Assigned task — Print every line of the listing below, starting with the line that holds "by (rule cInf_greatest[OF" and going on through the line that holds "(L * real (hamming", both included, and print nothing else.
:: Records for this task ::
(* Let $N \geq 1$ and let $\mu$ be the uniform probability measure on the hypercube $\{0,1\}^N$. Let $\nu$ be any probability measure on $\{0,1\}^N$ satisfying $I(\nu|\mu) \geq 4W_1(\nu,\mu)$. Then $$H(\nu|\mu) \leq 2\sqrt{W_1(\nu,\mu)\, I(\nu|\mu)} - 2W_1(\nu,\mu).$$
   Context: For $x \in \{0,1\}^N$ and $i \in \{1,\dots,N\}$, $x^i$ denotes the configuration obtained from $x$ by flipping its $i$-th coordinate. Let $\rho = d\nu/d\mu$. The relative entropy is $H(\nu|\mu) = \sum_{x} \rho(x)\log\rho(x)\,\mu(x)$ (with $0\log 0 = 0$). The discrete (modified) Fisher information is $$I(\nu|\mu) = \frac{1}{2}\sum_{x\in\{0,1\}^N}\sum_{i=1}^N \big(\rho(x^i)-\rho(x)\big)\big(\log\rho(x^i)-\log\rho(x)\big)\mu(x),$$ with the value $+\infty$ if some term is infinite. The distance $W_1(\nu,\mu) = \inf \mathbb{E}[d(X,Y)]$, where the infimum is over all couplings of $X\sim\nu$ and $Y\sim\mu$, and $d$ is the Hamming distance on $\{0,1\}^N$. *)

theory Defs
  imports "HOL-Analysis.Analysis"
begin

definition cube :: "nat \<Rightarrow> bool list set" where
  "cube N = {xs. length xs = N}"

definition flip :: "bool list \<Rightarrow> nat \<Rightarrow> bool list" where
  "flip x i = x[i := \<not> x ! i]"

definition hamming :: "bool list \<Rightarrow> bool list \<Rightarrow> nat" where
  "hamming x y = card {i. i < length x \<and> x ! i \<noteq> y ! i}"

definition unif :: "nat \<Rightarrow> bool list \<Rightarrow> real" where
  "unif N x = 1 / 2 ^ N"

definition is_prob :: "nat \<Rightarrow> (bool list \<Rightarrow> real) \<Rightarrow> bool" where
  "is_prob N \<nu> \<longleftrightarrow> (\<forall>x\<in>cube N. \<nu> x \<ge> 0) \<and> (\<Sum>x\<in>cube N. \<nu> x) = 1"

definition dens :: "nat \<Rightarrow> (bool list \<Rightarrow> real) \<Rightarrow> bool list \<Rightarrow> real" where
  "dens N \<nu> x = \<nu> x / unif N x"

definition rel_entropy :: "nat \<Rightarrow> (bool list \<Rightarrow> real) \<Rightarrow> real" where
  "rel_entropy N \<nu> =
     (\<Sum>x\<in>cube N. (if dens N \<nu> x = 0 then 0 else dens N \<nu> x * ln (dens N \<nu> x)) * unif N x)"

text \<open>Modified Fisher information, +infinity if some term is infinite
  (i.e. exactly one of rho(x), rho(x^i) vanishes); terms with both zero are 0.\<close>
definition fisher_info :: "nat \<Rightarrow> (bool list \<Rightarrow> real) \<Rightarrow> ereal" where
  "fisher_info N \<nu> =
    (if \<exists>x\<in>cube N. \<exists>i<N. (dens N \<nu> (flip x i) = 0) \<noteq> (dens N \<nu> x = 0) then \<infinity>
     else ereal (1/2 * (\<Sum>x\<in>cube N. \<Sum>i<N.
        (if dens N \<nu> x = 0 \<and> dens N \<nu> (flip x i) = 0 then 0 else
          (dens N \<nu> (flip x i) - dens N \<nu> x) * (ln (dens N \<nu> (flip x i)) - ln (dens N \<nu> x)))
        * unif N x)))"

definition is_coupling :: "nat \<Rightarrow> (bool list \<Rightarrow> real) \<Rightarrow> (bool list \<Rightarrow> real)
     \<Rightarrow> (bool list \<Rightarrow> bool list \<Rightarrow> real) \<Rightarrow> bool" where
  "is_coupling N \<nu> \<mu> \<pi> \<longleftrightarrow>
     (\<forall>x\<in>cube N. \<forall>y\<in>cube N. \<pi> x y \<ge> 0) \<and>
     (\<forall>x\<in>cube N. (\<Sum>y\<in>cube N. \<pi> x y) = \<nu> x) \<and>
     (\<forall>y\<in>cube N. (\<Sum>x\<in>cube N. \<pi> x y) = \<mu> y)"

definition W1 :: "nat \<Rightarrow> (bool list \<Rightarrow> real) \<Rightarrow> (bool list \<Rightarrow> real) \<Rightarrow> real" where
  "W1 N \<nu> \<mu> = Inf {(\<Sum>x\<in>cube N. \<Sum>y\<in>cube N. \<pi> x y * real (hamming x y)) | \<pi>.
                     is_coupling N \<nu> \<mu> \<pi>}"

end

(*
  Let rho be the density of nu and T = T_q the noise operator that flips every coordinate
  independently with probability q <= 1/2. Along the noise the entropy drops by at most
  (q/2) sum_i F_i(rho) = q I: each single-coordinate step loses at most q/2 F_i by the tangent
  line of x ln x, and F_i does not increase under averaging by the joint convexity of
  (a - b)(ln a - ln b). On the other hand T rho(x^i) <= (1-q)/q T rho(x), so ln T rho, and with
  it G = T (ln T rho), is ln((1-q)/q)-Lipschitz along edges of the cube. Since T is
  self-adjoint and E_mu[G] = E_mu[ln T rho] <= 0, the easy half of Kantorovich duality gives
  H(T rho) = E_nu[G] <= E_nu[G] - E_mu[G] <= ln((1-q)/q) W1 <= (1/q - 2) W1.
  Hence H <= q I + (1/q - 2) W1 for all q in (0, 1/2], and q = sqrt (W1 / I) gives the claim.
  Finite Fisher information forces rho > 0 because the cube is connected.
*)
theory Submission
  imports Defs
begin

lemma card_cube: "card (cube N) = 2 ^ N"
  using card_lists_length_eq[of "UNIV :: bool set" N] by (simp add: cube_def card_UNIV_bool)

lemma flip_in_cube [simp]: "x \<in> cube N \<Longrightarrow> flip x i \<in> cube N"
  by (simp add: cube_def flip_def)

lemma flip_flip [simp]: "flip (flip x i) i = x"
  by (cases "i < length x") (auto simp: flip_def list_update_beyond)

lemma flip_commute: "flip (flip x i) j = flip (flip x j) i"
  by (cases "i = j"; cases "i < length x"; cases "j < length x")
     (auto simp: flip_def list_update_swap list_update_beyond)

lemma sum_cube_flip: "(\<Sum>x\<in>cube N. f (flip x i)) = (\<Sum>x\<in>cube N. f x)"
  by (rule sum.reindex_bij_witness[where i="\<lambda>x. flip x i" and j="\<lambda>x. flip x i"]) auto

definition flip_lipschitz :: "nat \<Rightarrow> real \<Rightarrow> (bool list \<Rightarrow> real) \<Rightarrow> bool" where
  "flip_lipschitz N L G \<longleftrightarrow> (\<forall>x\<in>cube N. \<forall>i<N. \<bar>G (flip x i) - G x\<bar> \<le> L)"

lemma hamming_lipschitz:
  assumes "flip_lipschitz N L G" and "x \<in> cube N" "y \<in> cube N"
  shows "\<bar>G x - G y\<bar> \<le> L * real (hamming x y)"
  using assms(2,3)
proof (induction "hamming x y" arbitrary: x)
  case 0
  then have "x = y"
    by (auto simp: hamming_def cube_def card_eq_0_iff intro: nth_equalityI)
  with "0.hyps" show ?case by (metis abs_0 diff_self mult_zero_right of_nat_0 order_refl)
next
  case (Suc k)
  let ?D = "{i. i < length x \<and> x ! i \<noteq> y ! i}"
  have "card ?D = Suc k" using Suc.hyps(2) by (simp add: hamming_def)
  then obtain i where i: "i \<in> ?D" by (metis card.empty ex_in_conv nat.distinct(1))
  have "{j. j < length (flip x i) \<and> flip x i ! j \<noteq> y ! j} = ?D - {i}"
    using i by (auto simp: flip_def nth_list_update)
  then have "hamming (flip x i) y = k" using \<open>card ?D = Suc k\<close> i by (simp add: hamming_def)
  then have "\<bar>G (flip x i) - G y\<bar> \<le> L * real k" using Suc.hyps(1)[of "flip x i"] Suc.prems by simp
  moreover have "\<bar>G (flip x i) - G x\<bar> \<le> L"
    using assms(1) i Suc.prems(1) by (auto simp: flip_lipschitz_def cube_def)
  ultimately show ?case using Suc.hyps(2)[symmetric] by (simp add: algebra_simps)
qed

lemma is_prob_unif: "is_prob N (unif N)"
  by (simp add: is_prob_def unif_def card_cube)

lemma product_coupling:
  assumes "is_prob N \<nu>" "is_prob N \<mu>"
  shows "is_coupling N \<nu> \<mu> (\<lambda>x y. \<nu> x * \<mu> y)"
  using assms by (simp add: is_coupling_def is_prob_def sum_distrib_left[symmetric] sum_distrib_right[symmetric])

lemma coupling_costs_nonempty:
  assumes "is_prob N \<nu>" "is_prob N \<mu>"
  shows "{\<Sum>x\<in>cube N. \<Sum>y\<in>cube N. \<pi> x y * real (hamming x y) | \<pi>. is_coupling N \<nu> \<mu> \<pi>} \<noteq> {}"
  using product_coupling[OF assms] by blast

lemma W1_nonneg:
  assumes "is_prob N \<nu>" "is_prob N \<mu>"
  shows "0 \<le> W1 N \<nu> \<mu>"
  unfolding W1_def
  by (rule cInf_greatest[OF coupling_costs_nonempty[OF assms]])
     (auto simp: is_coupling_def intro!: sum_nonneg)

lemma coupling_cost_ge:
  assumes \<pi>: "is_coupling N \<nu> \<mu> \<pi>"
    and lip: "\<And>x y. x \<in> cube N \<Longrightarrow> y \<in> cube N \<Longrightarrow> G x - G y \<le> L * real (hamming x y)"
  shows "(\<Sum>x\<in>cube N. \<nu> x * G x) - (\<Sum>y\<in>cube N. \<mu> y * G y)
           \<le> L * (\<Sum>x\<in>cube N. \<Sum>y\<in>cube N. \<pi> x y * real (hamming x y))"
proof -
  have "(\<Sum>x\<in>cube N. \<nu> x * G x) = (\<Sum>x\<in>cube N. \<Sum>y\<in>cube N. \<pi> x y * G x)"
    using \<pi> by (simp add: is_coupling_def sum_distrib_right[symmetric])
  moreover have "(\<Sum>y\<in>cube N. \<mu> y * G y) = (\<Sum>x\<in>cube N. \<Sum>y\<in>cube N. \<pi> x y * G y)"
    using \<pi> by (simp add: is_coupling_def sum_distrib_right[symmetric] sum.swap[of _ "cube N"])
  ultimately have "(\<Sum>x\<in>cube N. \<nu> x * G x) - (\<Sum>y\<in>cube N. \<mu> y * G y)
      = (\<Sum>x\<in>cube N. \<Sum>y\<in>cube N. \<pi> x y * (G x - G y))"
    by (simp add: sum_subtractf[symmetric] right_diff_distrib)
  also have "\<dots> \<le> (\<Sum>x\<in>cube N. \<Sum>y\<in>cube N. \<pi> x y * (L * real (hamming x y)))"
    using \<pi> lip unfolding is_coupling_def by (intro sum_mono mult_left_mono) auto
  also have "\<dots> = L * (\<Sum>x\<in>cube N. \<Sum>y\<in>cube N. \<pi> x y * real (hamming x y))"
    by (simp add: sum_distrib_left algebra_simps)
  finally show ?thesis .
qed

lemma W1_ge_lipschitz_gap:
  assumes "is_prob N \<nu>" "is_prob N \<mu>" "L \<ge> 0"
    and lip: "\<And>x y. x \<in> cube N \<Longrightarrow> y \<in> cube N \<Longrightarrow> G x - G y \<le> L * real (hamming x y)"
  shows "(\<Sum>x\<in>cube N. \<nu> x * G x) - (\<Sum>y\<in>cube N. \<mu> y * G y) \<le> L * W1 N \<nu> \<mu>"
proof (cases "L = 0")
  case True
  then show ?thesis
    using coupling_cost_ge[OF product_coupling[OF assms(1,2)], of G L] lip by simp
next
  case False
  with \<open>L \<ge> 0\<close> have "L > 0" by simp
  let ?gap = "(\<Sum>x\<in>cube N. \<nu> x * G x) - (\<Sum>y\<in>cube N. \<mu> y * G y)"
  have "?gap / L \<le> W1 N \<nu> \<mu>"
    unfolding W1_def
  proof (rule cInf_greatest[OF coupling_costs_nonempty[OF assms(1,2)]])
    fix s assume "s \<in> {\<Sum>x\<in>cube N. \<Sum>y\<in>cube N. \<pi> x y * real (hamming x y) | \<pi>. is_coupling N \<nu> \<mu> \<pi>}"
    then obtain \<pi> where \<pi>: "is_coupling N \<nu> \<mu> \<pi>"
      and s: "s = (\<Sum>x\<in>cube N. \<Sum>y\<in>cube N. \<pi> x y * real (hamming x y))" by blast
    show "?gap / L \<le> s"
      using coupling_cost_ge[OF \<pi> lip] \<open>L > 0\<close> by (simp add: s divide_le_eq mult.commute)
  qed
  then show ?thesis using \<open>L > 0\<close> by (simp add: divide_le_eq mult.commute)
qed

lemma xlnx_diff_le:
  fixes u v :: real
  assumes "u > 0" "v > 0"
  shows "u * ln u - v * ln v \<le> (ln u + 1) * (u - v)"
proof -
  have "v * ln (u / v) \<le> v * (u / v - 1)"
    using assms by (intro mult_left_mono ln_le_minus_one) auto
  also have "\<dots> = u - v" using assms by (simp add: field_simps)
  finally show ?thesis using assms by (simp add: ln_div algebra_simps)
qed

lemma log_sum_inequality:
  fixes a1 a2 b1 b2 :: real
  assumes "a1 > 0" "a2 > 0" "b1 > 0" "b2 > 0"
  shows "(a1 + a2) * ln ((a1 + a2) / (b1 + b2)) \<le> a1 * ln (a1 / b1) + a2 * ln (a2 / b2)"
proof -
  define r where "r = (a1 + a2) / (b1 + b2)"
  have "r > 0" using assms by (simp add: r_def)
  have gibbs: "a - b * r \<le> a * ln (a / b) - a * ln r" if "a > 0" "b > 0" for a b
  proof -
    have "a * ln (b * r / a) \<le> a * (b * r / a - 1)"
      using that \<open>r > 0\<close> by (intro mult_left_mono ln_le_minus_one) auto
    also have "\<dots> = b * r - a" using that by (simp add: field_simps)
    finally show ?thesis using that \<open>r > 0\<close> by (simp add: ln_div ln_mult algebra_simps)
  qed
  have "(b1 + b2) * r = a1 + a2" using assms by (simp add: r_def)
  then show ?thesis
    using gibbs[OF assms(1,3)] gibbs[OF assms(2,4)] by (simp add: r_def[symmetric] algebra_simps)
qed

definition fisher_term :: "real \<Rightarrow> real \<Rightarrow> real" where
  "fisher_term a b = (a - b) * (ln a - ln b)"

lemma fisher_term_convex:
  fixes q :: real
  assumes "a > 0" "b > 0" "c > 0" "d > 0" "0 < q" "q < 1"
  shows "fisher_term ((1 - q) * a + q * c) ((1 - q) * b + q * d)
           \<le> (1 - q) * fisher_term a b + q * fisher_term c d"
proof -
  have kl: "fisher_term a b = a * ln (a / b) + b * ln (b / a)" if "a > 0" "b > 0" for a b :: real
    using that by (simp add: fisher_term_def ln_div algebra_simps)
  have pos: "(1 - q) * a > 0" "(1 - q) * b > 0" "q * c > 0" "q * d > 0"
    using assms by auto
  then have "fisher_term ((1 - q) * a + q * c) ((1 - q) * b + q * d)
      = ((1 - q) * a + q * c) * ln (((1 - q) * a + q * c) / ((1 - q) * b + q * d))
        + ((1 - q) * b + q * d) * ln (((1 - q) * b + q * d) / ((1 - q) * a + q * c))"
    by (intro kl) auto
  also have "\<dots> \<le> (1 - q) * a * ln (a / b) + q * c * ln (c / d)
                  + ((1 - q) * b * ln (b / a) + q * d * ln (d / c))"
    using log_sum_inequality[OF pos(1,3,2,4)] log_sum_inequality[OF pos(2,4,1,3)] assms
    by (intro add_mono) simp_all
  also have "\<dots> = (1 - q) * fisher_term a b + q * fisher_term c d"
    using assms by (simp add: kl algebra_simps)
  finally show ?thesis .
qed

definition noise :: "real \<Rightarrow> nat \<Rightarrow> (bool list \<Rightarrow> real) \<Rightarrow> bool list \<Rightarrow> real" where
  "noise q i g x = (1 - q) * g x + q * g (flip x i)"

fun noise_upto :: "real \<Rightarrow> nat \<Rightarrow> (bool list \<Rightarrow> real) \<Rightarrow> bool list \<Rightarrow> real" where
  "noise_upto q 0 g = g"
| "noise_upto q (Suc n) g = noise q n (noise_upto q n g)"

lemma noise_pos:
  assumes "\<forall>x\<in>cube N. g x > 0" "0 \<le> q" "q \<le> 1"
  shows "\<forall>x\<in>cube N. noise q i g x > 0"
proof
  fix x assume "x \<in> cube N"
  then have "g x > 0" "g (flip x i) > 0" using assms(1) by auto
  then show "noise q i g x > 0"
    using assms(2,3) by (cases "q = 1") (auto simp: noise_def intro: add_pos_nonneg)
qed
:::
Answer for this exercise —
  by (rule cInf_greatest[OF coupling_costs_nonempty[OF assms]])
     (auto simp: is_coupling_def intro!: sum_nonneg)

lemma coupling_cost_ge:
  assumes \<pi>: "is_coupling N \<nu> \<mu> \<pi>"
    and lip: "\<And>x y. x \<in> cube N \<Longrightarrow> y \<in> cube N \<Longrightarrow> G x - G y \<le> L * real (hamming x y)"
  shows "(\<Sum>x\<in>cube N. \<nu> x * G x) - (\<Sum>y\<in>cube N. \<mu> y * G y)
           \<le> L * (\<Sum>x\<in>cube N. \<Sum>y\<in>cube N. \<pi> x y * real (hamming x y))"
proof -
  have "(\<Sum>x\<in>cube N. \<nu> x * G x) = (\<Sum>x\<in>cube N. \<Sum>y\<in>cube N. \<pi> x y * G x)"
    using \<pi> by (simp add: is_coupling_def sum_distrib_right[symmetric])
  moreover have "(\<Sum>y\<in>cube N. \<mu> y * G y) = (\<Sum>x\<in>cube N. \<Sum>y\<in>cube N. \<pi> x y * G y)"
    using \<pi> by (simp add: is_coupling_def sum_distrib_right[symmetric] sum.swap[of _ "cube N"])
  ultimately have "(\<Sum>x\<in>cube N. \<nu> x * G x) - (\<Sum>y\<in>cube N. \<mu> y * G y)
      = (\<Sum>x\<in>cube N. \<Sum>y\<in>cube N. \<pi> x y * (G x - G y))"
    by (simp add: sum_subtractf[symmetric] right_diff_distrib)
  also have "\<dots> \<le> (\<Sum>x\<in>cube N. \<Sum>y\<in>cube N. \<pi> x y * (L * real (hamming x y)))"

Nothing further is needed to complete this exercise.